- Task to carry out -
For this task, copy the data that follows exactly, keeping every character.

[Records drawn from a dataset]

· · · · ·

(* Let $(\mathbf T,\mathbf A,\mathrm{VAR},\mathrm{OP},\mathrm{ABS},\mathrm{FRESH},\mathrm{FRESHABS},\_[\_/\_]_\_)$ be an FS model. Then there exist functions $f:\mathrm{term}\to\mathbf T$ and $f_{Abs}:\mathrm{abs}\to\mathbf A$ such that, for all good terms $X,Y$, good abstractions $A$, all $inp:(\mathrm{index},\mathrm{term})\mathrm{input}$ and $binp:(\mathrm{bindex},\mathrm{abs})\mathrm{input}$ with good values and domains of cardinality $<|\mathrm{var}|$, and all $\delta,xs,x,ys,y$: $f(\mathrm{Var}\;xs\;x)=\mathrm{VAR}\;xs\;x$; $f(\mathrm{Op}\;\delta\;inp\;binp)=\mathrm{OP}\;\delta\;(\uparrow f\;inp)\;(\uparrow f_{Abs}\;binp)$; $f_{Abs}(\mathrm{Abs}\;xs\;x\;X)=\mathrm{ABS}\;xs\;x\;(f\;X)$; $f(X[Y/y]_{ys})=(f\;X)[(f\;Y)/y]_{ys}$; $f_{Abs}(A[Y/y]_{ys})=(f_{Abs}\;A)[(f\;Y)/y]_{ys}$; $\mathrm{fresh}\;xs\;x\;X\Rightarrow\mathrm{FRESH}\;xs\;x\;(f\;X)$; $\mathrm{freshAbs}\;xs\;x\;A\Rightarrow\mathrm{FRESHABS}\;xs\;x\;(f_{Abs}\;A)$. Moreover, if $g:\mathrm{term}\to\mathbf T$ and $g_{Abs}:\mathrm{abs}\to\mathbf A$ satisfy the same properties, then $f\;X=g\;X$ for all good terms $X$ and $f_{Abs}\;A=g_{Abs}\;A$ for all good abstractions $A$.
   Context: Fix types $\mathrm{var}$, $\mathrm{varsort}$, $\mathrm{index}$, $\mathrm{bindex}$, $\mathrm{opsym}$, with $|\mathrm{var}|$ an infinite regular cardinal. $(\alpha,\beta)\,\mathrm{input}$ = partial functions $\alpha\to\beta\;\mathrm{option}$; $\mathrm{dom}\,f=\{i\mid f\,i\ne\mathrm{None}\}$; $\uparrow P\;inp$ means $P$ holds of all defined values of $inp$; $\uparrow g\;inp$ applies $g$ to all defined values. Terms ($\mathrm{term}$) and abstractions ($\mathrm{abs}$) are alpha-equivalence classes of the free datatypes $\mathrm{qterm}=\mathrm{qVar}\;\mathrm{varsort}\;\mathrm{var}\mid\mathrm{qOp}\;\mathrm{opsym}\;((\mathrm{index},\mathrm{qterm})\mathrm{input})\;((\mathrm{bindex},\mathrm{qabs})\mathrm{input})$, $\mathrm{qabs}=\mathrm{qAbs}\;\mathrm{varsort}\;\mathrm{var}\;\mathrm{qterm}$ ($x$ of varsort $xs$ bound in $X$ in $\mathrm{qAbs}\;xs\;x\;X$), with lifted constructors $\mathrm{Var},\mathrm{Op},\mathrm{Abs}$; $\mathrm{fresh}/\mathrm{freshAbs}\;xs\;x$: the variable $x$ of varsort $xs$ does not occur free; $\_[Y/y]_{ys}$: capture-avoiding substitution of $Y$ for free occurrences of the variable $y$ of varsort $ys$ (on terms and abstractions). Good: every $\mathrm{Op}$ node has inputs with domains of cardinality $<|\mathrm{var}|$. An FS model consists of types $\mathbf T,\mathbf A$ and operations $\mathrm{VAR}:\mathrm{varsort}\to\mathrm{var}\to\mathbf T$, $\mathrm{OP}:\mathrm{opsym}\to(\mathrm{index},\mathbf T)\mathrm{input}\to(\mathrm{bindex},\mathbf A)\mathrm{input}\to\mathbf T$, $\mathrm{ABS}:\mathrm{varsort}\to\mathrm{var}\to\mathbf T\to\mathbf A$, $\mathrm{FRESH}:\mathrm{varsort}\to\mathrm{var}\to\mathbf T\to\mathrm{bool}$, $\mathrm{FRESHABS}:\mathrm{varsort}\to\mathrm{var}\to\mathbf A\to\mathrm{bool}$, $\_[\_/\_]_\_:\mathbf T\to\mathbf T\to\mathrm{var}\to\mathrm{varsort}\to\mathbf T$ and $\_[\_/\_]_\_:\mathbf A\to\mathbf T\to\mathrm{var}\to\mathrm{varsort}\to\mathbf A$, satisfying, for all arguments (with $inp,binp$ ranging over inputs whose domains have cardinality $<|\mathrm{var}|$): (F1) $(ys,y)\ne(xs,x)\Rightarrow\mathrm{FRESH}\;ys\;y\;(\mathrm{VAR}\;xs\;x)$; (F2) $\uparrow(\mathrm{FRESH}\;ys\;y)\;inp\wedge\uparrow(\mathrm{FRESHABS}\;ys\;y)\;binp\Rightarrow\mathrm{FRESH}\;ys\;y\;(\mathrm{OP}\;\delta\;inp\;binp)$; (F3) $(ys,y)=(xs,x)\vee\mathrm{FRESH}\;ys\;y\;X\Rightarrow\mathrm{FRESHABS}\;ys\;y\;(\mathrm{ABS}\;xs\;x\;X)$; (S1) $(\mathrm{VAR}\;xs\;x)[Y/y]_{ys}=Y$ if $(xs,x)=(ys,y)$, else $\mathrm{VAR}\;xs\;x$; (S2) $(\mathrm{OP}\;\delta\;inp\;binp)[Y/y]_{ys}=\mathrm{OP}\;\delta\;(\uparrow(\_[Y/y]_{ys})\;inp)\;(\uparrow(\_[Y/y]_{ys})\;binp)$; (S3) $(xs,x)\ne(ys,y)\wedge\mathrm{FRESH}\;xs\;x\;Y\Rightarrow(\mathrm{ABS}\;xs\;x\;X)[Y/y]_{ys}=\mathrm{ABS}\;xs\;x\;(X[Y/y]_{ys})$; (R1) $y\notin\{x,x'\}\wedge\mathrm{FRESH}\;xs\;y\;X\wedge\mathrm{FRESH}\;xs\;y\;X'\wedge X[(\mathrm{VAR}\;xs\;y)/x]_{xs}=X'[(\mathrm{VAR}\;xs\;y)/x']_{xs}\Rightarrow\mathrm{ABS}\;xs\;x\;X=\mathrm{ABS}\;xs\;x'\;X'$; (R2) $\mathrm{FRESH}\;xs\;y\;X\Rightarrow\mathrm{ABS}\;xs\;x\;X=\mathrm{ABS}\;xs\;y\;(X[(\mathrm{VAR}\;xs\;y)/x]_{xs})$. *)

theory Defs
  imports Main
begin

· · · · ·

- Exercise answer -
(* Let $(\mathbf T,\mathbf A,\mathrm{VAR},\mathrm{OP},\mathrm{ABS},\mathrm{FRESH},\mathrm{FRESHABS},\_[\_/\_]_\_)$ be an FS model. Then there exist functions $f:\mathrm{term}\to\mathbf T$ and $f_{Abs}:\mathrm{abs}\to\mathbf A$ such that, for all good terms $X,Y$, good abstractions $A$, all $inp:(\mathrm{index},\mathrm{term})\mathrm{input}$ and $binp:(\mathrm{bindex},\mathrm{abs})\mathrm{input}$ with good values and domains of cardinality $<|\mathrm{var}|$, and all $\delta,xs,x,ys,y$: $f(\mathrm{Var}\;xs\;x)=\mathrm{VAR}\;xs\;x$; $f(\mathrm{Op}\;\delta\;inp\;binp)=\mathrm{OP}\;\delta\;(\uparrow f\;inp)\;(\uparrow f_{Abs}\;binp)$; $f_{Abs}(\mathrm{Abs}\;xs\;x\;X)=\mathrm{ABS}\;xs\;x\;(f\;X)$; $f(X[Y/y]_{ys})=(f\;X)[(f\;Y)/y]_{ys}$; $f_{Abs}(A[Y/y]_{ys})=(f_{Abs}\;A)[(f\;Y)/y]_{ys}$; $\mathrm{fresh}\;xs\;x\;X\Rightarrow\mathrm{FRESH}\;xs\;x\;(f\;X)$; $\mathrm{freshAbs}\;xs\;x\;A\Rightarrow\mathrm{FRESHABS}\;xs\;x\;(f_{Abs}\;A)$. Moreover, if $g:\mathrm{term}\to\mathbf T$ and $g_{Abs}:\mathrm{abs}\to\mathbf A$ satisfy the same properties, then $f\;X=g\;X$ for all good terms $X$ and $f_{Abs}\;A=g_{Abs}\;A$ for all good abstractions $A$.
   Context: Fix types $\mathrm{var}$, $\mathrm{varsort}$, $\mathrm{index}$, $\mathrm{bindex}$, $\mathrm{opsym}$, with $|\mathrm{var}|$ an infinite regular cardinal. $(\alpha,\beta)\,\mathrm{input}$ = partial functions $\alpha\to\beta\;\mathrm{option}$; $\mathrm{dom}\,f=\{i\mid f\,i\ne\mathrm{None}\}$; $\uparrow P\;inp$ means $P$ holds of all defined values of $inp$; $\uparrow g\;inp$ applies $g$ to all defined values. Terms ($\mathrm{term}$) and abstractions ($\mathrm{abs}$) are alpha-equivalence classes of the free datatypes $\mathrm{qterm}=\mathrm{qVar}\;\mathrm{varsort}\;\mathrm{var}\mid\mathrm{qOp}\;\mathrm{opsym}\;((\mathrm{index},\mathrm{qterm})\mathrm{input})\;((\mathrm{bindex},\mathrm{qabs})\mathrm{input})$, $\mathrm{qabs}=\mathrm{qAbs}\;\mathrm{varsort}\;\mathrm{var}\;\mathrm{qterm}$ ($x$ of varsort $xs$ bound in $X$ in $\mathrm{qAbs}\;xs\;x\;X$), with lifted constructors $\mathrm{Var},\mathrm{Op},\mathrm{Abs}$; $\mathrm{fresh}/\mathrm{freshAbs}\;xs\;x$: the variable $x$ of varsort $xs$ does not occur free; $\_[Y/y]_{ys}$: capture-avoiding substitution of $Y$ for free occurrences of the variable $y$ of varsort $ys$ (on terms and abstractions). Good: every $\mathrm{Op}$ node has inputs with domains of cardinality $<|\mathrm{var}|$. An FS model consists of types $\mathbf T,\mathbf A$ and operations $\mathrm{VAR}:\mathrm{varsort}\to\mathrm{var}\to\mathbf T$, $\mathrm{OP}:\mathrm{opsym}\to(\mathrm{index},\mathbf T)\mathrm{input}\to(\mathrm{bindex},\mathbf A)\mathrm{input}\to\mathbf T$, $\mathrm{ABS}:\mathrm{varsort}\to\mathrm{var}\to\mathbf T\to\mathbf A$, $\mathrm{FRESH}:\mathrm{varsort}\to\mathrm{var}\to\mathbf T\to\mathrm{bool}$, $\mathrm{FRESHABS}:\mathrm{varsort}\to\mathrm{var}\to\mathbf A\to\mathrm{bool}$, $\_[\_/\_]_\_:\mathbf T\to\mathbf T\to\mathrm{var}\to\mathrm{varsort}\to\mathbf T$ and $\_[\_/\_]_\_:\mathbf A\to\mathbf T\to\mathrm{var}\to\mathrm{varsort}\to\mathbf A$, satisfying, for all arguments (with $inp,binp$ ranging over inputs whose domains have cardinality $<|\mathrm{var}|$): (F1) $(ys,y)\ne(xs,x)\Rightarrow\mathrm{FRESH}\;ys\;y\;(\mathrm{VAR}\;xs\;x)$; (F2) $\uparrow(\mathrm{FRESH}\;ys\;y)\;inp\wedge\uparrow(\mathrm{FRESHABS}\;ys\;y)\;binp\Rightarrow\mathrm{FRESH}\;ys\;y\;(\mathrm{OP}\;\delta\;inp\;binp)$; (F3) $(ys,y)=(xs,x)\vee\mathrm{FRESH}\;ys\;y\;X\Rightarrow\mathrm{FRESHABS}\;ys\;y\;(\mathrm{ABS}\;xs\;x\;X)$; (S1) $(\mathrm{VAR}\;xs\;x)[Y/y]_{ys}=Y$ if $(xs,x)=(ys,y)$, else $\mathrm{VAR}\;xs\;x$; (S2) $(\mathrm{OP}\;\delta\;inp\;binp)[Y/y]_{ys}=\mathrm{OP}\;\delta\;(\uparrow(\_[Y/y]_{ys})\;inp)\;(\uparrow(\_[Y/y]_{ys})\;binp)$; (S3) $(xs,x)\ne(ys,y)\wedge\mathrm{FRESH}\;xs\;x\;Y\Rightarrow(\mathrm{ABS}\;xs\;x\;X)[Y/y]_{ys}=\mathrm{ABS}\;xs\;x\;(X[Y/y]_{ys})$; (R1) $y\notin\{x,x'\}\wedge\mathrm{FRESH}\;xs\;y\;X\wedge\mathrm{FRESH}\;xs\;y\;X'\wedge X[(\mathrm{VAR}\;xs\;y)/x]_{xs}=X'[(\mathrm{VAR}\;xs\;y)/x']_{xs}\Rightarrow\mathrm{ABS}\;xs\;x\;X=\mathrm{ABS}\;xs\;x'\;X'$; (R2) $\mathrm{FRESH}\;xs\;y\;X\Rightarrow\mathrm{ABS}\;xs\;x\;X=\mathrm{ABS}\;xs\;y\;(X[(\mathrm{VAR}\;xs\;y)/x]_{xs})$. *)

theory Defs
  imports Main
begin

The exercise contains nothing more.